DestinationFolder = "inputs/mildew_dataset"
! kaggle datasets download -d {KaggleDatasetPath} -p {DestinationFolder}

Dataset URL: https://www.kaggle.com/datasets/codeinstitute/cherry-leaves
License(s): unknown


In [7]:
zip_path = os.path.join(DestinationFolder, "cherry-leaves.zip")

with zipfile.ZipFile(zip_path, "r") as zip_ref:
  zip_ref.extractall(DestinationFolder)

os.remove(zip_path)

---

## Data Cleaning and Preparation

### Data Cleaning: Remove non-image files

For the dynamic file path construction, I am using `os.path.join()` to avoid errors while concatenating strings.

In [8]:
def remove_non_image_file(my_data_dir):
  """
  Function to remove non-image files from the dataset directory.

  Args:
  * my_data_dir = path to image dataset folder
  """
  image_extension = ('.png', '.jpg', '.jpeg')
  folders = os.listdir(my_data_dir)  
  for folder in folders:
    folder_path =  os.path.join(my_data_dir, folder)

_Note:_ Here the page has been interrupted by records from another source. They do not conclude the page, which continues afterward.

(* Let $n\ge1$; for $i\in[n]$ let $d_i\ge1$, $p_{i0}<\cdots<p_{id_i}$ reals, $f_i:\{p_{i0},\dots,p_{id_i}\}\to[L_i,U_i]$, and let $\phi:\prod_i[L_i,U_i]\to\mathbb{R}$ be supermodular. Let $\sigma=(\sigma_1,\dots,\sigma_n)$, each $\sigma_i$ a permutation of $\{0,\dots,d_i\}$ with $f_i(p_{i,\sigma_i(0)})\le\cdots\le f_i(p_{i,\sigma_i(d_i)})$. Define $h:\operatorname{vert}(\Delta)\to\mathbb{R}$ by $h(\boldsymbol{v}_{1j_1},\dots,\boldsymbol{v}_{nj_n})=\phi(f_1(p_{1,\sigma_1(j_1)}),\dots,f_n(p_{n,\sigma_n(j_n)}))$. Then $h$ is supermodular on $\operatorname{vert}(\Delta)$ with respect to the componentwise order.
   Context: $\Delta^d=\{\boldsymbol{z}\in\mathbb{R}^d:1\ge z_1\ge\cdots\ge z_d\ge0\}$, $\Delta=\Delta^{d_1}\times\cdots\times\Delta^{d_n}$; the vertices of $\Delta^{d_i}$ are $\boldsymbol{v}_{i0}=\boldsymbol{0}$ and $\boldsymbol{v}_{ij}=\boldsymbol{v}_{i,j-1}+\boldsymbol{e}_{ij}$ (first $j$ coordinates equal to $1$), and $\operatorname{vert}(\Delta)=\prod_i\{\boldsymbol{v}_{i0},\dots,\boldsymbol{v}_{id_i}\}$, which is closed under componentwise max and min. A function $g$ is supermodular if $g(\boldsymbol{u}\vee\boldsymbol{w})+g(\boldsymbol{u}\wedge\boldsymbol{w})\ge g(\boldsymbol{u})+g(\boldsymbol{w})$ for all $\boldsymbol{u},\boldsymbol{w}$ in its domain. *)

theory Defs
  imports Complex_Main "HOL-Combinatorics.Permutations"
begin

definition supermodular_on :: "'a::lattice set \<Rightarrow> ('a \<Rightarrow> real) \<Rightarrow> bool" where
  "supermodular_on S g \<longleftrightarrow>
     (\<forall>u\<in>S. \<forall>w\<in>S. g (sup u w) + g (inf u w) \<ge> g u + g w)"

text \<open>The vertex v_{ij} of Delta^{d_i}: a vector in R^{d_i} (coordinates 0..d_i-1)
  whose first j coordinates are 1 and the rest 0.\<close>
definition vtx :: "(nat \<Rightarrow> nat) \<Rightarrow> nat \<Rightarrow> nat \<Rightarrow> (nat \<Rightarrow> real)" where
  "vtx d i j = (\<lambda>k\<in>{..<d i}. if k < j then 1 else 0)"

definition vertDelta :: "nat \<Rightarrow> (nat \<Rightarrow> nat) \<Rightarrow> (nat \<Rightarrow> nat \<Rightarrow> real) set" where
  "vertDelta n d = (\<Pi>\<^sub>E i\<in>{..<n}. vtx d i ` {..d i})"

definition box :: "nat \<Rightarrow> (nat \<Rightarrow> real) \<Rightarrow> (nat \<Rightarrow> real) \<Rightarrow> (nat \<Rightarrow> real) set" where
  "box n L U = (\<Pi>\<^sub>E i\<in>{..<n}. {L i..U i})"

definition hfun :: "nat \<Rightarrow> (nat \<Rightarrow> nat) \<Rightarrow> (nat \<Rightarrow> nat \<Rightarrow> real) \<Rightarrow> (nat \<Rightarrow> real \<Rightarrow> real)
     \<Rightarrow> ((nat \<Rightarrow> real) \<Rightarrow> real) \<Rightarrow> (nat \<Rightarrow> nat \<Rightarrow> nat) \<Rightarrow> (nat \<Rightarrow> nat \<Rightarrow> real) \<Rightarrow> real" where
  "hfun n d p f \<phi> \<sigma> V =
     \<phi> (\<lambda>i\<in>{..<n}. f i (p i (\<sigma> i (THE j. j \<le> d i \<and> V i = vtx d i j))))"

end

theory Submission
  imports Defs
begin

text \<open>Identify a vertex tuple (v_{1j_1},...,v_{nj_n}) with its index vector (j_1,...,j_n).
  Componentwise max and min of vertices correspond to componentwise max and min of indices,
  and since each f_i(p_{i,sigma_i(-)}) is monotone in j, it commutes with max and min as well.
  Hence h is phi composed with a map that preserves sup and inf, and supermodularity pulls back
  along such maps.\<close>

definition lattice_hom_on :: "'a::lattice set \<Rightarrow> ('a \<Rightarrow> 'b::lattice) \<Rightarrow> bool" where
  "lattice_hom_on S F \<longleftrightarrow>
     (\<forall>u\<in>S. \<forall>w\<in>S. F (sup u w) = sup (F u) (F w) \<and> F (inf u w) = inf (F u) (F w))"

lemma supermodular_on_comp:
  assumes "supermodular_on T \<phi>" and "F ` S \<subseteq> T" and "lattice_hom_on S F"
  shows "supermodular_on S (\<phi> \<circ> F)"
  using assms unfolding supermodular_on_def lattice_hom_on_def by (simp add: image_subset_iff)

lemma lattice_hom_on_comp:
  assumes "lattice_hom_on S F" and "F ` S \<subseteq> T" and "lattice_hom_on T G"
  shows "lattice_hom_on S (G \<circ> F)"
  using assms unfolding lattice_hom_on_def by (simp add: image_subset_iff)

lemma mono_on_imp_lattice_hom_on:
  fixes g :: "'a::{lattice,linorder} \<Rightarrow> 'b::{lattice,linorder}"
  assumes "mono_on A g"
  shows "lattice_hom_on A g"
  unfolding lattice_hom_on_def sup_max inf_min
proof (intro ballI)
  fix a b assume "a \<in> A" "b \<in> A"
  then show "g (max a b) = max (g a) (g b) \<and> g (min a b) = min (g a) (g b)"
    using mono_onD[OF assms, of a b] mono_onD[OF assms, of b a]
    by (cases a b rule: le_cases) (auto simp: max_def min_def)
qed

lemma mono_on_atMost_if_Suc_le:
  fixes g :: "nat \<Rightarrow> 'a::order"
  assumes "\<And>m. m < N \<Longrightarrow> g m \<le> g (Suc m)"
  shows "mono_on {..N} g"
proof (rule mono_onI)
  fix a b assume "a \<in> {..N}" "b \<in> {..N}" "a \<le> b"
  show "g a \<le> g b"
  proof (rule lift_Suc_mono_le_ivl[of "{..<N}" g])
    show "{a..<b} \<subseteq> {..<N}" using \<open>b \<in> {..N}\<close> by auto
  qed (use assms \<open>a \<le> b\<close> in auto)
qed

lemma lattice_hom_on_restrict_PiE:
  assumes "\<And>i. i \<in> I \<Longrightarrow> lattice_hom_on (A i) (G i)"
  shows "lattice_hom_on (PiE I A) (\<lambda>u. \<lambda>i\<in>I. G i (u i))"
  using assms unfolding lattice_hom_on_def by (auto simp: fun_eq_iff PiE_iff)

lemma inj_on_vtx: "inj_on (vtx d i) {..d i}"
proof (rule inj_onI)
  have neq: "vtx d i a \<noteq> vtx d i b" if "a < b" "b \<le> d i" for a b
  proof -
    have "vtx d i a a \<noteq> vtx d i b a" using that by (simp add: vtx_def)
    then show ?thesis by metis
  qed
  fix a b assume "a \<in> {..d i}" "b \<in> {..d i}" "vtx d i a = vtx d i b"
  then show "a = b" using neq neq[symmetric] by (metis atMost_iff linorder_neqE_nat)
qed

lemma sup_vtx: "sup (vtx d i a) (vtx d i b) = vtx d i (max a b)"
  by (auto simp: fun_eq_iff vtx_def sup_max)

lemma inf_vtx: "inf (vtx d i a) (vtx d i b) = vtx d i (min a b)"
  by (auto simp: fun_eq_iff vtx_def inf_min)

definition vtx_index :: "(nat \<Rightarrow> nat) \<Rightarrow> nat \<Rightarrow> (nat \<Rightarrow> real) \<Rightarrow> nat" where
  "vtx_index d i v = (THE j. j \<le> d i \<and> v = vtx d i j)"

lemma vtx_index_vtx:
  assumes "j \<le> d i"
  shows "vtx_index d i (vtx d i j) = j"
  unfolding vtx_index_def
  using assms inj_onD[OF inj_on_vtx] by (intro the_equality) auto

lemma lattice_hom_on_vtx_index: "lattice_hom_on (vtx d i ` {..d i}) (vtx_index d i)"
  unfolding lattice_hom_on_def
proof (intro ballI)
  fix u w assume "u \<in> vtx d i ` {..d i}" "w \<in> vtx d i ` {..d i}"
  then obtain a b where "a \<le> d i" "b \<le> d i" "u = vtx d i a" "w = vtx d i b" by auto
  then show "vtx_index d i (sup u w) = sup (vtx_index d i u) (vtx_index d i w) \<and>
      vtx_index d i (inf u w) = inf (vtx_index d i u) (vtx_index d i w)"
    by (simp add: sup_vtx inf_vtx vtx_index_vtx sup_max inf_min)
qed

lemma lattice_hom_on_comp_vtx_index:
  fixes g :: "nat \<Rightarrow> 'a::{lattice,linorder}"
  assumes "mono_on {..d i} g"
  shows "lattice_hom_on (vtx d i ` {..d i}) (g \<circ> vtx_index d i)"
  by (rule lattice_hom_on_comp[OF lattice_hom_on_vtx_index _ mono_on_imp_lattice_hom_on[OF assms]])
    (auto simp: vtx_index_vtx)

theorem mainTheorem11:
  fixes n :: nat and d :: "nat \<Rightarrow> nat" and p :: "nat \<Rightarrow> nat \<Rightarrow> real"
    and f :: "nat \<Rightarrow> real \<Rightarrow> real" and L U :: "nat \<Rightarrow> real"
    and \<phi> :: "(nat \<Rightarrow> real) \<Rightarrow> real" and \<sigma> :: "nat \<Rightarrow> nat \<Rightarrow> nat"
  assumes "n \<ge> 1"
    and "\<forall>i<n. d i \<ge> 1"
    and "\<forall>i<n. \<forall>j<d i. p i j < p i (Suc j)"
    and "\<forall>i<n. \<forall>j\<le>d i. f i (p i j) \<in> {L i..U i}"
    and "supermodular_on (box n L U) \<phi>"
    and "\<forall>i<n. \<sigma> i permutes {..d i}"
    and "\<forall>i<n. \<forall>j<d i. f i (p i (\<sigma> i j)) \<le> f i (p i (\<sigma> i (Suc j)))"
  shows "supermodular_on (vertDelta n d) (hfun n d p f \<phi> \<sigma>)"
proof -
  define g where "g i j = f i (p i (\<sigma> i j))" for i j
  have hom: "lattice_hom_on (vtx d i ` {..d i}) (g i \<circ> vtx_index d i)" if "i < n" for i
    using assms(7) that
    by (intro lattice_hom_on_comp_vtx_index mono_on_atMost_if_Suc_le) (simp add: g_def)
  have in_box: "(g i \<circ> vtx_index d i) ` vtx d i ` {..d i} \<subseteq> {L i..U i}" if "i < n" for i
    using assms(4,6) that permutes_in_image[of "\<sigma> i" "{..d i}"] by (auto simp: g_def vtx_index_vtx)
  have "(\<lambda>V. \<lambda>i\<in>{..<n}. (g i \<circ> vtx_index d i) (V i)) ` vertDelta n d \<subseteq> box n L U"
    using in_box unfolding vertDelta_def box_def by (fastforce simp: PiE_iff image_subset_iff)
  moreover have "lattice_hom_on (vertDelta n d) (\<lambda>V. \<lambda>i\<in>{..<n}. (g i \<circ> vtx_index d i) (V i))"
    unfolding vertDelta_def
    using hom by (intro lattice_hom_on_restrict_PiE[where G = "\<lambda>i. g i \<circ> vtx_index d i"]) blast
  moreover have "hfun n d p f \<phi> \<sigma> = \<phi> \<circ> (\<lambda>V. \<lambda>i\<in>{..<n}. (g i \<circ> vtx_index d i) (V i))"
    by (simp add: fun_eq_iff hfun_def vtx_index_def g_def)
  ultimately show ?thesis
    using supermodular_on_comp[OF assms(5)] by simp
qed

end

    if not os.path.isdir(folder_path):
      continue

    files = os.listdir(folder_path)

    i = []
    j = []
    for given_file in files:
      if not given_file.lower().endswith(image_extension):
        file_location = os.path.join(my_data_dir, folder, given_file)
        os.remove(file_location)
        i.append(1)
      else:
        j.append(1)
        pass
    print(f"Folder: {folder} - has image file", len(j))
    print(f"Folder: {folder} - has non-image file", len(i))


From previous experience, I discovered that the macOS Finder creates `.DS_Store` files in every folder. These files are not actually folders, but `os.listdir()` can mistakenly include them in the list of folders. This then can cause errors when trying to further process the directories as class labels in image classification. 

I included an if/else statement to check whether an item is a real directory using `os.path.isdir()`. `.DS_Store` files are then already skipped in this process.

In [9]:
remove_non_image_file(my_data_dir='inputs/mildew_dataset/cherry-leaves')

Folder: powdery_mildew - has image file 2104
Folder: powdery_mildew - has non-image file 0
Folder: healthy - has image file 2104
Folder: healthy - has non-image file 0


### Split data into train and validation, and test sets

Organize the image dataset into train, validation, and test sets. This is essential for the ml model to be properly trained.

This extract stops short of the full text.